Top of DATA EXTRACT
lemma received_MInit1_eq:
  assumes "k < m"
  shows "{b. b < n \<and> received k a b = Some MInit1} = N \<union> (if Suc k = m \<and> a = i then C else {})"
proof (intro set_eqI iffI)
  fix b
  assume "b \<in> {b. b < n \<and> received k a b = Some MInit1}"
  then have "chain_delivery N l q m i C k b a" "\<not> (k < q \<and> b = l k)"
    by (auto simp: chain_msg_def received_def split: if_splits)
  then show "b \<in> N \<union> (if Suc k = m \<and> a = i then C else {})"
    by (auto simp: chain_delivery_def)
next
  fix b
  assume b: "b \<in> N \<union> (if Suc k = m \<and> a = i then C else {})"
  then have "\<not> (\<exists>j<q. j \<le> k \<and> b = l j)"
    using l_not_N l_not_C assms by (fastforce split: if_splits)
  moreover have "b < n"
    using b N_sub C_sub by (auto split: if_splits)
  moreover have "chain_delivery N l q m i C k b a"
    using b by (auto simp: chain_delivery_def split: if_splits)
  ultimately show "b \<in> {b. b < n \<and> received k a b = Some MInit1}"
    by (auto simp: received_def chain_msg_def)
qed

lemma card_received_MInit1:
  "card (N \<union> (if Suc k = m \<and> a = i then C else {})) =
     n - t + (if Suc k = m \<and> a = i then card C else 0)"
proof -
  have "finite N" "finite C"
    using N_sub C_sub by (auto intro: finite_subset)
  moreover have "N \<inter> C = {}"
    using C_sub by auto
  ultimately show ?thesis
    using card_N by (auto simp: card_Un_disjoint)
qed

lemma G_Suc:
  assumes "invariant k" and "k < m"
  shows "G (Suc k) a =
    \<lparr>ls_time = Suc (ls_time (G k a)), ls_init = ls_init (G k a),
     ls_decided = (case Pbasic n a (G k a) of Decide v \<Rightarrow> Some v | Noop \<Rightarrow> ls_decided (G k a)),
     ls_rd = (if Suc k < q \<and> a = l (Suc k) then Some False else None),
     ls_cnt = (if ls_decided (G k a) = None \<and> \<not> (Suc k < q \<and> a = l (Suc k))
               then n - t + (if Suc k = m \<and> a = i then card C else 0) else 0)\<rparr>"
proof -
  have "G (Suc k) a = delta n (G k a) (Pbasic n a (G k a)) (received k a)"
    unfolding received_def by (simp only: state_Suc msg_before_m[OF assms] snd_conv)
  then show ?thesis
    unfolding delta_no_decision1_heard[OF received_decision0_iff[OF assms(2)]
        no_decision1_received received_MInit1_eq[OF assms(2)]] card_received_MInit1 .
qed

lemma invariant_Suc:
  assumes "invariant k" and "k < m"
  shows "invariant (Suc k)"
proof -
  have kt: "k \<le> t"
    using assms(2) m_le by simp
  note G_Suc = G_Suc[OF assms]
  have "G (Suc k) (l j) = chain_state (n - t) j (Suc k)" if j: "j < q" for j
  proof -
    have st: "G k (l j) = chain_state (n - t) j k"
      using assms(1) j unfolding invariant_def by auto
    have ni: "l j \<noteq> i"
      using l_not_i j by simp
    consider "Suc k < j" | "Suc k = j" | "k = j" | "j < k"
      by linarith
    then show ?thesis
    proof cases
      case 1
      then have "l j \<noteq> l (Suc k)"
        using l_eq_iff j by (metis less_trans not_less_iff_gr_or_eq)
      with 1 st ni show ?thesis
        using Pbasic_waiting_state[OF kt t_less_n] card_N
        by (simp add: G_Suc chain_state_def waiting_state_def)
    next
      case 2
      with st j have "G k (l (Suc k)) = waiting_state (n - t) k" "Suc k < q"
        by (auto simp: chain_state_def)
      then have "G (Suc k) (l (Suc k)) = chain_state (n - t) (Suc k) (Suc k)"
        using Pbasic_waiting_state[OF kt t_less_n] by (simp add: G_Suc chain_state_def waiting_state_def)
      with 2 show ?thesis
        by simp
    next
      case 3
      then have "l k \<noteq> l (Suc k) \<or> \<not> Suc k < q"
        using l_eq_iff j by (metis n_not_Suc_n)
      moreover have "G k (l k) = chain_state (n - t) k k" "l k \<noteq> i"
        using 3 st ni by simp_all
      ultimately have "G (Suc k) (l k) = chain_state (n - t) k (Suc k)"
        by (auto simp: G_Suc chain_state_def waiting_state_def Pbasic_def)
      with 3 show ?thesis
        by simp
    next
      case 4
      then have "l j \<noteq> l (Suc k) \<or> \<not> Suc k < q"
        using l_eq_iff j by (metis less_SucI less_not_refl)
      with 4 st ni show ?thesis
        by (auto simp: G_Suc chain_state_def waiting_state_def Pbasic_def)
    qed
  qed
  moreover have "G (Suc k) a =
      (if a = i \<and> Suc k = m \<and> 0 < m
       then \<lparr>ls_time = m, ls_init = True, ls_decided = None, ls_rd = None,
             ls_cnt = n - t + card C\<rparr>
       else waiting_state (n - t) (Suc k))" if a: "a \<notin> l ` {..<q}" for a
  proof -
    have "G k a = waiting_state (n - t) k"
      using assms a unfolding invariant_def by auto
    moreover have "\<not> (Suc k < q \<and> a = l (Suc k))"
      using a by auto
    ultimately show ?thesis
      using Pbasic_waiting_state[OF kt t_less_n] card_N by (auto simp: G_Suc waiting_state_def)
  qed
  ultimately show ?thesis
    unfolding invariant_def by blast
qed

lemma invariant_le: "k \<le> m \<Longrightarrow> invariant k"
  by (induction k) (auto intro: invariant_0 invariant_Suc)

lemma G_outside_chain:
  assumes "a \<notin> l ` {..<q}"
  shows "ls_decided (G m a) = None"
    and "a = i \<Longrightarrow> G m i = \<lparr>ls_time = m, ls_init = True, ls_decided = None, ls_rd = None,
      ls_cnt = (if m = 0 then 0 else n - t + card C)\<rparr>"
  using assms invariant_le[of m] unfolding invariant_def by (auto simp: waiting_state_def)

lemma chain_end_decides0:
  assumes "q = Suc m"
  shows "ls_decided (G m (l m)) = None \<and> ls_decided (G (Suc m) (l m)) = Some False"
proof -
  have "G m (l m) = chain_state (n - t) m m"
    using invariant_le[of m] assms unfolding invariant_def by auto
  then show ?thesis
    by (auto simp: decided_state_Suc chain_state_def Pbasic_def)
qed

end

text \<open>The witness run for hearing a decision 1 without a decision 0: all agents prefer 1, and
  in round m-1 the faulty agent f hears all n agents, so that it decides 1 at time m-1;
  this decision reaches only i.\<close>

definition decision1_delivery :: "nat set \<Rightarrow> nat \<Rightarrow> nat \<Rightarrow> nat \<Rightarrow> nat \<Rightarrow> nat \<Rightarrow> nat \<Rightarrow> bool" where
  "decision1_delivery N f i m k a b \<longleftrightarrow>
     a \<in> N \<or> (Suc (Suc k) = m \<and> b = f) \<or> (Suc k = m \<and> a = f \<and> b = i)"

locale decision1_witness =
  fixes n t :: nat and N :: "nat set" and f i m :: nat
  assumes t_less_n: "t < n" and N_sub: "N \<subseteq> {..<n}" and card_N: "card N = n - t"
    and f_less_n: "f < n" and f_not_N: "f \<notin> N" and f_not_i: "f \<noteq> i"
    and m_ge: "2 \<le> m" and m_le: "m \<le> Suc t"
begin

abbreviation H :: "nat \<Rightarrow> nat \<Rightarrow> lstate" where
  "H \<equiv> gstate n (Pbasic n) (N, decision1_delivery N f i m) (\<lambda>_. True)"

lemma msg_H:
  assumes "k < m"
    and "\<forall>a. H k a = (if a = f \<and> Suc k = m
      then \<lparr>ls_time = k, ls_init = True, ls_decided = None, ls_rd = None, ls_cnt = n\<rparr>
      else waiting_state (n - t) k)"
  shows "mu (H k b) (Pbasic n b (H k b)) =
    (if b = f \<and> Suc k = m then Some (MDec True) else Some MInit1)"
proof (cases "b = f \<and> Suc k = m")
  case True
  moreover have "int n > int n - int k"
    using True m_ge by simp
  ultimately show ?thesis
    using assms(2) by (simp add: Pbasic_def mu_def)
next
  case False
  then have "H k b = waiting_state (n - t) k"
    using spec[OF assms(2), of b] by auto
  moreover have "k \<le> t"
    using assms(1) m_le by simp
  ultimately show ?thesis
    using False Pbasic_waiting_state t_less_n mu_waiting_state by simp
qed

lemma H_before:
  "k < m \<Longrightarrow> H k a = (if a = f \<and> Suc k = m
     then \<lparr>ls_time = k, ls_init = True, ls_decided = None, ls_rd = None, ls_cnt = n\<rparr>
     else waiting_state (n - t) k)"
proof (induction k arbitrary: a)
  case 0
  then show ?case
    using m_ge by (auto simp: waiting_state_def init_state_def)
next
  case (Suc k)
  then have k: "k < m" "k \<le> t" "Suc k < m \<or> Suc k = m"
    using m_le by auto
  have msg: "mu (H k b) (Pbasic n b (H k b)) = Some MInit1" for b
    using msg_H[OF k(1)] Suc by simp
  define rcv where "rcv a = (\<lambda>b. if decision1_delivery N f i m k b a then Some MInit1 else None)" for a
  have "H (Suc k) a = delta n (H k a) (Pbasic n a (H k a)) (rcv a)"
    unfolding rcv_def by (simp only: state_Suc msg snd_conv)
  moreover have "{b. b < n \<and> rcv a b = Some MInit1} =
      (if Suc (Suc k) = m \<and> a = f then {..<n} else N)"
    using N_sub Suc.prems by (auto simp: rcv_def decision1_delivery_def)
  moreover have "H k a = waiting_state (n - t) k"
    using Suc by auto
  moreover have "finite N"
    using N_sub finite_subset by blast
  ultimately show ?case
    using delta_no_decision1_heard[of n "rcv a" False] Pbasic_waiting_state[OF k(2) t_less_n] card_N
    by (auto simp: rcv_def waiting_state_def)
qed

lemma H_at_m:
  shows "H m i = \<lparr>ls_time = m, ls_init = True, ls_decided = None, ls_rd = Some True, ls_cnt = 0\<rparr>"
    and "ls_decided (H m j) \<noteq> Some False"
proof -
  obtain k where m: "m = Suc k"
    using m_ge by (cases m) auto
  then have k: "k < m" "k \<le> t"
    using m_le by auto
  note before = H_before[OF k(1)]
  define rcv where "rcv = (\<lambda>b. if decision1_delivery N f i m k b i
    then (if b = f \<and> Suc k = m then Some (MDec True) else Some MInit1) else None)"
  have Hi: "H k i = waiting_state (n - t) k"
    using before f_not_i by simp
  have "H (Suc k) i = delta n (H k i) (Pbasic n i (H k i)) rcv"
    unfolding rcv_def by (simp only: state_Suc msg_H[OF k(1) allI[OF before]] snd_conv)
  also have "\<dots> = \<lparr>ls_time = Suc k, ls_init = True, ls_decided = None, ls_rd = Some True, ls_cnt = 0\<rparr>"
    unfolding Hi using delta_only_decision1_heard[of n rcv] f_less_n m
      Pbasic_waiting_state[OF k(2) t_less_n]
    by (auto simp: rcv_def decision1_delivery_def waiting_state_def)
  finally show "H m i = \<lparr>ls_time = m, ls_init = True, ls_decided = None, ls_rd = Some True, ls_cnt = 0\<rparr>"
    using m by simp
  have "Pbasic n j (H k j) \<noteq> Decide False"
    using msg_H[OF k(1) allI[OF before], of j] by (auto simp: mu_def split: if_splits)
  moreover have "ls_decided (H k j) = None"
    using before by (auto simp: waiting_state_def)
  ultimately show "ls_decided (H m j) \<noteq> Some False"
    using m by (auto simp: decided_state_Suc split: action.splits)
qed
Bottom of DATA EXTRACT
◆ WORK INSTRUCTION
Which of the lines above carry the string "cases"? Pick them out and copy them.

◆ ANSWER FOR THIS EXERCISE
    proof cases
proof (cases "b = f \<and> Suc k = m")
    using m_ge by (cases m) auto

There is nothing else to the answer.